The Booty Report

News and Updates for Swashbucklers Everywhere

Arrr! Young scallywags be needin' to heed the Ten Commandments, not just spy 'em from the crow's nest!

2024-09-01

Avast, me hearties! Let’s not be battlin’ over plantin’ the Ten Commandments in our schools like a flock o’ squawkin’ gulls! Instead, let’s join forces, teachin’ our wee ones the fine art o’ right and wrong, for those rules be treasure chests of wisdom, aye!

Arrr, gather 'round me hearties, for I’ve a tale o’ the Ten Commandments and their place in the schoolhouse! This summer, the scallywag Louisiana Governor Jeff Landry decreed that every classroom must display these holy commands, akin to hoisting a black flag on high seas! Aye, the winds of change be blowin’ through other states too, with similar laws on the horizon.
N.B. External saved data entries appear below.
(* Let $\mathcal{M}=(S,s_I,\mathit{Act},V,\mathcal{P})$ be an affine parametric Markov decision process, let $T\subseteq S$ and $\lambda\in[0,1]$, and let $\varphi$ be the reachability specification "$T$ is reached with probability at most $\lambda$". Assume that for every $s,s'\in S$ and $\alpha\in A(s)$, $\mathcal{P}(s,\alpha,s')=2d_{s,\alpha,s'}\,y_{s,\alpha,s'}+c_{s,\alpha,s'}$ with $y_{s,\alpha,s'}\in V$ and constants $c_{s,\alpha,s'},d_{s,\alpha,s'}\in\mathbb{R}$. Fix constants $\varepsilon_{\mathrm{graph}}>0$ and $\tau>0$, and arbitrary reference values $\hat v\in\mathbb{R}$ ($v\in V$) and $\hat p_s\in\mathbb{R}$ ($s\in S$). For each triple $(s,\alpha,s')$ write $d=d_{s,\alpha,s'}$, $c=c_{s,\alpha,s'}$, $y=y_{s,\alpha,s'}$, $z=p_{s'}$, $\hat y=\widehat{y_{s,\alpha,s'}}$, $\hat z=\hat p_{s'}$, $\sigma=1$ if $d\ge0$ and $\sigma=-1$ otherwise, and set $h_{\mathrm{cvx}}(s,\alpha,s')=|d|(y+\sigma z)^2+c\,z$ and $h_{\mathrm{aff}}(s,\alpha,s')=-|d|(\hat y^2+\hat z^2)-2|d|\big(\hat y(y-\hat y)+\hat z(z-\hat z)\big)$. Consider the convex penalty problem in the real variables $v\in V$, $p_s\in[0,1]$ ($s\in S$) and $k_s$ ($s\in S\setminus T$): minimize $p_{s_I}+\tau\sum_{s\in S\setminus T}k_s$ subject to $p_s=1$ for all $s\in T$; $\mathcal{P}(s,\alpha,s')\ge\varepsilon_{\mathrm{graph}}$ for all $s,s'\in S$ and $\alpha\in A(s)$ such that $\mathcal{P}(s,\alpha,s')$ is not the zero polynomial; $\sum_{s'\in S}\mathcal{P}(s,\alpha,s')=1$ for all $s\in S$ and $\alpha\in A(s)$; $\lambda\ge p_{s_I}$; $k_s+p_s\ge\sum_{s'\in S}\big(h_{\mathrm{cvx}}(s,\alpha,s')+h_{\mathrm{aff}}(s,\alpha,s')\big)$ for all $s\in S\setminus T$ and $\alpha\in A(s)$; $k_s\ge 0$ for all $s\in S\setminus T$. If $(\mathbf{v},\mathbf{p},\mathbf{k})$ is a feasible solution of this problem with $\tau\sum_{s\in S\setminus T}k_s=0$, then the parameter instantiation $\mathbf{v}$ is well-defined for $\mathcal{M}$ and $\mathcal{M}[\mathbf{v}]\models\varphi$.
   Context: A pMDP is a tuple $(S,s_I,\mathit{Act},V,\mathcal{P})$ with finite state set $S$, initial state $s_I$, finite action set $\mathit{Act}$, finite set $V$ of real-valued parameters, and transition function $\mathcal{P}:S\times\mathit{Act}\times S\to\mathbb{Q}[V]$ (polynomials over $V$); it is affine if every $\mathcal{P}(s,\alpha,s')$ is affine in the parameters. $A(s)=\{\alpha\mid\exists s'.\ \mathcal{P}(s,\alpha,s')\ne0\}$ is the nonempty set of enabled actions at $s$. An instantiation $\mathbf{v}:V\to\mathbb{R}$ yields $\mathcal{M}[\mathbf{v}]$ by evaluating each polynomial at $\mathbf{v}$; it is well-defined if $\mathcal{M}[\mathbf{v}]$ is a Markov decision process, i.e. all $\mathcal{P}(s,\alpha,s')[\mathbf{v}]\in[0,1]$ and $\sum_{s'}\mathcal{P}(s,\alpha,s')[\mathbf{v}]=1$ for all $s$ and $\alpha\in A(s)$. A (memoryless deterministic) strategy is a map $\sigma:S\to\mathit{Act}$ with $\sigma(s)\in A(s)$; it induces a Markov chain. $\mathcal{M}[\mathbf{v}]\models\varphi$ means that for every strategy $\sigma$, the probability of eventually reaching $T$ from $s_I$ in the Markov chain induced by $\sigma$ on $\mathcal{M}[\mathbf{v}]$ is at most $\lambda$. *)

theory Defs
  imports Complex_Main
begin

(* An affine pMDP whose transition polynomials have the shape
   P(s,a,s') = 2 d(s,a,s') * y(s,a,s') + c(s,a,s') is represented by the
   coefficient data d, c :: 's => 'a => 's => real and the parameter
   map y :: 's => 'a => 's => 'v. *)

definition trans_eval ::
  "('s \<Rightarrow> 'a \<Rightarrow> 's \<Rightarrow> real) \<Rightarrow> ('s \<Rightarrow> 'a \<Rightarrow> 's \<Rightarrow> 'v) \<Rightarrow>
   ('s \<Rightarrow> 'a \<Rightarrow> 's \<Rightarrow> real) \<Rightarrow> ('v \<Rightarrow> real) \<Rightarrow> 's \<Rightarrow> 'a \<Rightarrow> 's \<Rightarrow> real" where
  "trans_eval d y c v s a s' = 2 * d s a s' * v (y s a s') + c s a s'"

definition nonzero_poly ::
  "('s \<Rightarrow> 'a \<Rightarrow> 's \<Rightarrow> real) \<Rightarrow> ('s \<Rightarrow> 'a \<Rightarrow> 's \<Rightarrow> real) \<Rightarrow> 's \<Rightarrow> 'a \<Rightarrow> 's \<Rightarrow> bool" where
  "nonzero_poly d c s a s' \<longleftrightarrow> d s a s' \<noteq> 0 \<or> c s a s' \<noteq> 0"

definition enabled ::
  "'s set \<Rightarrow> 'a set \<Rightarrow> ('s \<Rightarrow> 'a \<Rightarrow> 's \<Rightarrow> real) \<Rightarrow> ('s \<Rightarrow> 'a \<Rightarrow> 's \<Rightarrow> real) \<Rightarrow> 's \<Rightarrow> 'a set" where
  "enabled S Act d c s = {a \<in> Act. \<exists>s'\<in>S. nonzero_poly d c s a s'}"

definition well_defined ::
  "'s set \<Rightarrow> 'a set \<Rightarrow> ('s \<Rightarrow> 'a \<Rightarrow> 's \<Rightarrow> real) \<Rightarrow> ('s \<Rightarrow> 'a \<Rightarrow> 's \<Rightarrow> 'v) \<Rightarrow>
   ('s \<Rightarrow> 'a \<Rightarrow> 's \<Rightarrow> real) \<Rightarrow> ('v \<Rightarrow> real) \<Rightarrow> bool" where
  "well_defined S Act d y c v \<longleftrightarrow>
     (\<forall>s\<in>S. \<forall>a\<in>enabled S Act d c s.
        (\<forall>s'\<in>S. 0 \<le> trans_eval d y c v s a s' \<and> trans_eval d y c v s a s' \<le> 1) \<and>
        (\<Sum>s'\<in>S. trans_eval d y c v s a s') = 1)"

fun reach_within :: "'s set \<Rightarrow> ('s \<Rightarrow> 's \<Rightarrow> real) \<Rightarrow> 's set \<Rightarrow> nat \<Rightarrow> 's \<Rightarrow> real" where
  "reach_within S P T 0 s = (if s \<in> T then 1 else 0)"
| "reach_within S P T (Suc n) s =
     (if s \<in> T then 1 else (\<Sum>s'\<in>S. P s s' * reach_within S P T n s'))"

definition reach_prob :: "'s set \<Rightarrow> ('s \<Rightarrow> 's \<Rightarrow> real) \<Rightarrow> 's set \<Rightarrow> 's \<Rightarrow> real" where
  "reach_prob S P T s = (SUP n. reach_within S P T n s)"

definition induced_mc ::
  "('s \<Rightarrow> 'a \<Rightarrow> 's \<Rightarrow> real) \<Rightarrow> ('s \<Rightarrow> 'a \<Rightarrow> 's \<Rightarrow> 'v) \<Rightarrow>
   ('s \<Rightarrow> 'a \<Rightarrow> 's \<Rightarrow> real) \<Rightarrow> ('v \<Rightarrow> real) \<Rightarrow> ('s \<Rightarrow> 'a) \<Rightarrow> 's \<Rightarrow> 's \<Rightarrow> real" where
  "induced_mc d y c v \<sigma> s s' = trans_eval d y c v s (\<sigma> s) s'"

definition satisfies ::
  "'s set \<Rightarrow> 's \<Rightarrow> 'a set \<Rightarrow> ('s \<Rightarrow> 'a \<Rightarrow> 's \<Rightarrow> real) \<Rightarrow> ('s \<Rightarrow> 'a \<Rightarrow> 's \<Rightarrow> 'v) \<Rightarrow>
   ('s \<Rightarrow> 'a \<Rightarrow> 's \<Rightarrow> real) \<Rightarrow> ('v \<Rightarrow> real) \<Rightarrow> 's set \<Rightarrow> real \<Rightarrow> bool" where
  "satisfies S sI Act d y c v T lam \<longleftrightarrow>
     (\<forall>\<sigma>. (\<forall>s\<in>S. \<sigma> s \<in> enabled S Act d c s) \<longrightarrow>
        reach_prob S (induced_mc d y c v \<sigma>) T sI \<le> lam)"

definition sgn_d :: "real \<Rightarrow> real" where
  "sgn_d x = (if x \<ge> 0 then 1 else -1)"

definition h_cvx ::
  "('s \<Rightarrow> 'a \<Rightarrow> 's \<Rightarrow> real) \<Rightarrow> ('s \<Rightarrow> 'a \<Rightarrow> 's \<Rightarrow> 'v) \<Rightarrow> ('s \<Rightarrow> 'a \<Rightarrow> 's \<Rightarrow> real) \<Rightarrow>
   ('v \<Rightarrow> real) \<Rightarrow> ('s \<Rightarrow> real) \<Rightarrow> 's \<Rightarrow> 'a \<Rightarrow> 's \<Rightarrow> real" where
  "h_cvx d y c v p s a s' =
     \<bar>d s a s'\<bar> * (v (y s a s') + sgn_d (d s a s') * p s')^2 + c s a s' * p s'"

definition h_aff ::
  "('s \<Rightarrow> 'a \<Rightarrow> 's \<Rightarrow> real) \<Rightarrow> ('s \<Rightarrow> 'a \<Rightarrow> 's \<Rightarrow> 'v) \<Rightarrow> ('v \<Rightarrow> real) \<Rightarrow> ('s \<Rightarrow> real) \<Rightarrow>
   ('v \<Rightarrow> real) \<Rightarrow> ('s \<Rightarrow> real) \<Rightarrow> 's \<Rightarrow> 'a \<Rightarrow> 's \<Rightarrow> real" where
  "h_aff d y vhat phat v p s a s' =
     - \<bar>d s a s'\<bar> * ((vhat (y s a s'))^2 + (phat s')^2)
     - 2 * \<bar>d s a s'\<bar> * (vhat (y s a s') * (v (y s a s') - vhat (y s a s'))
                          + phat s' * (p s' - phat s'))"

definition feasible ::
  "'s set \<Rightarrow> 's \<Rightarrow> 'a set \<Rightarrow> ('s \<Rightarrow> 'a \<Rightarrow> 's \<Rightarrow> real) \<Rightarrow> ('s \<Rightarrow> 'a \<Rightarrow> 's \<Rightarrow> 'v) \<Rightarrow>
   ('s \<Rightarrow> 'a \<Rightarrow> 's \<Rightarrow> real) \<Rightarrow> 's set \<Rightarrow> real \<Rightarrow> real \<Rightarrow> ('v \<Rightarrow> real) \<Rightarrow> ('s \<Rightarrow> real) \<Rightarrow>
   ('v \<Rightarrow> real) \<Rightarrow> ('s \<Rightarrow> real) \<Rightarrow> ('s \<Rightarrow> real) \<Rightarrow> bool" where
  "feasible S sI Act d y c T lam eps vhat phat v p k \<longleftrightarrow>
     (\<forall>s\<in>S. 0 \<le> p s \<and> p s \<le> 1) \<and>
     (\<forall>s\<in>T. p s = 1) \<and>
     (\<forall>s\<in>S. \<forall>a\<in>enabled S Act d c s. \<forall>s'\<in>S.
        nonzero_poly d c s a s' \<longrightarrow> trans_eval d y c v s a s' \<ge> eps) \<and>
     (\<forall>s\<in>S. \<forall>a\<in>enabled S Act d c s. (\<Sum>s'\<in>S. trans_eval d y c v s a s') = 1) \<and>
     lam \<ge> p sI \<and>
     (\<forall>s\<in>S - T. \<forall>a\<in>enabled S Act d c s.
        k s + p s \<ge> (\<Sum>s'\<in>S. h_cvx d y c v p s a s' + h_aff d y vhat phat v p s a s')) \<and>
     (\<forall>s\<in>S - T. k s \<ge> 0)"

end

theory Submission
  imports Defs
begin

text \<open>
  The term \<open>h_aff\<close> is the linearisation at the reference point of the concave
  part \<open>-|d| (y\<^sup>2 + z\<^sup>2)\<close> of the bilinear term \<open>2 d y z = |d| (y + \<sigma> z)\<^sup>2 - |d| (y\<^sup>2 + z\<^sup>2)\<close>,
  so \<open>h_cvx + h_aff\<close> majorises \<open>P(s,\<alpha>,s') p\<^sub>s\<^sub>'\<close>.  With zero penalty the constraints
  therefore say that \<open>p\<close> is a superharmonic function of every induced Markov chain
  which is \<open>1\<close> on \<open>T\<close> and nonnegative; by induction it bounds every step-bounded
  reachability probability, hence the reachability probability from \<open>s\<^sub>I\<close>, and
  \<open>p\<^sub>s\<^sub>I \<le> \<lambda>\<close>.  Well-definedness holds because every transition is either
  identically zero or at least \<open>\<epsilon> > 0\<close>, and the rows sum to one.
\<close>

lemma h_cvx_plus_h_aff_eq:
  "h_cvx d y c v p s a s' + h_aff d y vhat phat v p s a s'
     = trans_eval d y c v s a s' * p s'
       + \<bar>d s a s'\<bar> * ((v (y s a s') - vhat (y s a s'))\<^sup>2 + (p s' - phat s')\<^sup>2)"
  by (cases "d s a s' \<ge> 0")
     (simp_all add: h_cvx_def h_aff_def trans_eval_def sgn_d_def power2_eq_square algebra_simps)

lemma trans_eval_mult_le_h_cvx_plus_h_aff:
  "trans_eval d y c v s a s' * p s' \<le> h_cvx d y c v p s a s' + h_aff d y vhat phat v p s a s'"
  unfolding h_cvx_plus_h_aff_eq by simp

lemma reach_within_le_superharmonic:
  assumes P_nonneg: "\<And>s s'. s \<in> S \<Longrightarrow> s' \<in> S \<Longrightarrow> 0 \<le> P s s'"
    and q_nonneg: "\<And>s. s \<in> S \<Longrightarrow> 0 \<le> q s"
    and q_target: "\<And>s. s \<in> S \<Longrightarrow> s \<in> T \<Longrightarrow> 1 \<le> q s"
    and q_superharmonic: "\<And>s. s \<in> S - T \<Longrightarrow> (\<Sum>s'\<in>S. P s s' * q s') \<le> q s"
    and "s \<in> S"
  shows "reach_within S P T n s \<le> q s"
  using \<open>s \<in> S\<close>
proof (induction n arbitrary: s)
  case 0
  then show ?case using q_nonneg q_target by simp
next
  case (Suc n)
  show ?case
  proof (cases "s \<in> T")
    case True
    then show ?thesis using Suc.prems q_target by simp
  next
    case False
    have "(\<Sum>s'\<in>S. P s s' * reach_within S P T n s') \<le> (\<Sum>s'\<in>S. P s s' * q s')"
      by (intro sum_mono mult_left_mono Suc.IH P_nonneg Suc.prems)
    also have "\<dots> \<le> q s"
      using False Suc.prems q_superharmonic by blast
    finally show ?thesis using False by simp
  qed
qed

lemma reach_prob_le_superharmonic:
  assumes "\<And>s s'. s \<in> S \<Longrightarrow> s' \<in> S \<Longrightarrow> 0 \<le> P s s'"
    and "\<And>s. s \<in> S \<Longrightarrow> 0 \<le> q s"
    and "\<And>s. s \<in> S \<Longrightarrow> s \<in> T \<Longrightarrow> 1 \<le> q s"
    and "\<And>s. s \<in> S - T \<Longrightarrow> (\<Sum>s'\<in>S. P s s' * q s') \<le> q s"
    and "s \<in> S"
  shows "reach_prob S P T s \<le> q s"
  unfolding reach_prob_def
  by (rule cSUP_least) (use reach_within_le_superharmonic[OF assms] in auto)

lemma feasible_imp_trans_eval_nonneg:
  assumes "feasible S sI Act d y c T lam eps vhat phat v p k" and "0 \<le> eps"
    and "s \<in> S" and "a \<in> enabled S Act d c s" and "s' \<in> S"
  shows "0 \<le> trans_eval d y c v s a s'"
proof (cases "nonzero_poly d c s a s'")
  case True
  then show ?thesis using assms unfolding feasible_def by force
next
  case False
  then show ?thesis by (simp add: nonzero_poly_def trans_eval_def)
qed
But here’s the rub, mateys! Some landlubbers be shoutin’ about the separation of church and state, claimin’ it be a slippery slope to tyranny. Yet, let it be known, this phrase be not found in the Constitution, which gives all ye freedom to worship as ye please. Posting the Ten Commandments won’t make the state a follower of Judaism, savvy?

Now, just plasterin’ that sacred text on the wall may turn it into naught but a trophy in a culture skirmish. It could be tossed about like a tattered flag amongst posters of positivity and equality. Such a disgrace, for these commands carry the weight of wisdom and moral compass, ready to guide young souls!

So, I say, let’s not just post ‘em—let’s teach ‘em! Aye, with a well-crafted guide, students from all paths can learn the deep truths and life lessons therein. The Ten Commandments offer treasure beyond measure, and if taught rightly, they’ll inspire every young buccaneer to navigate life’s stormy seas with honor and respect! Yo ho ho!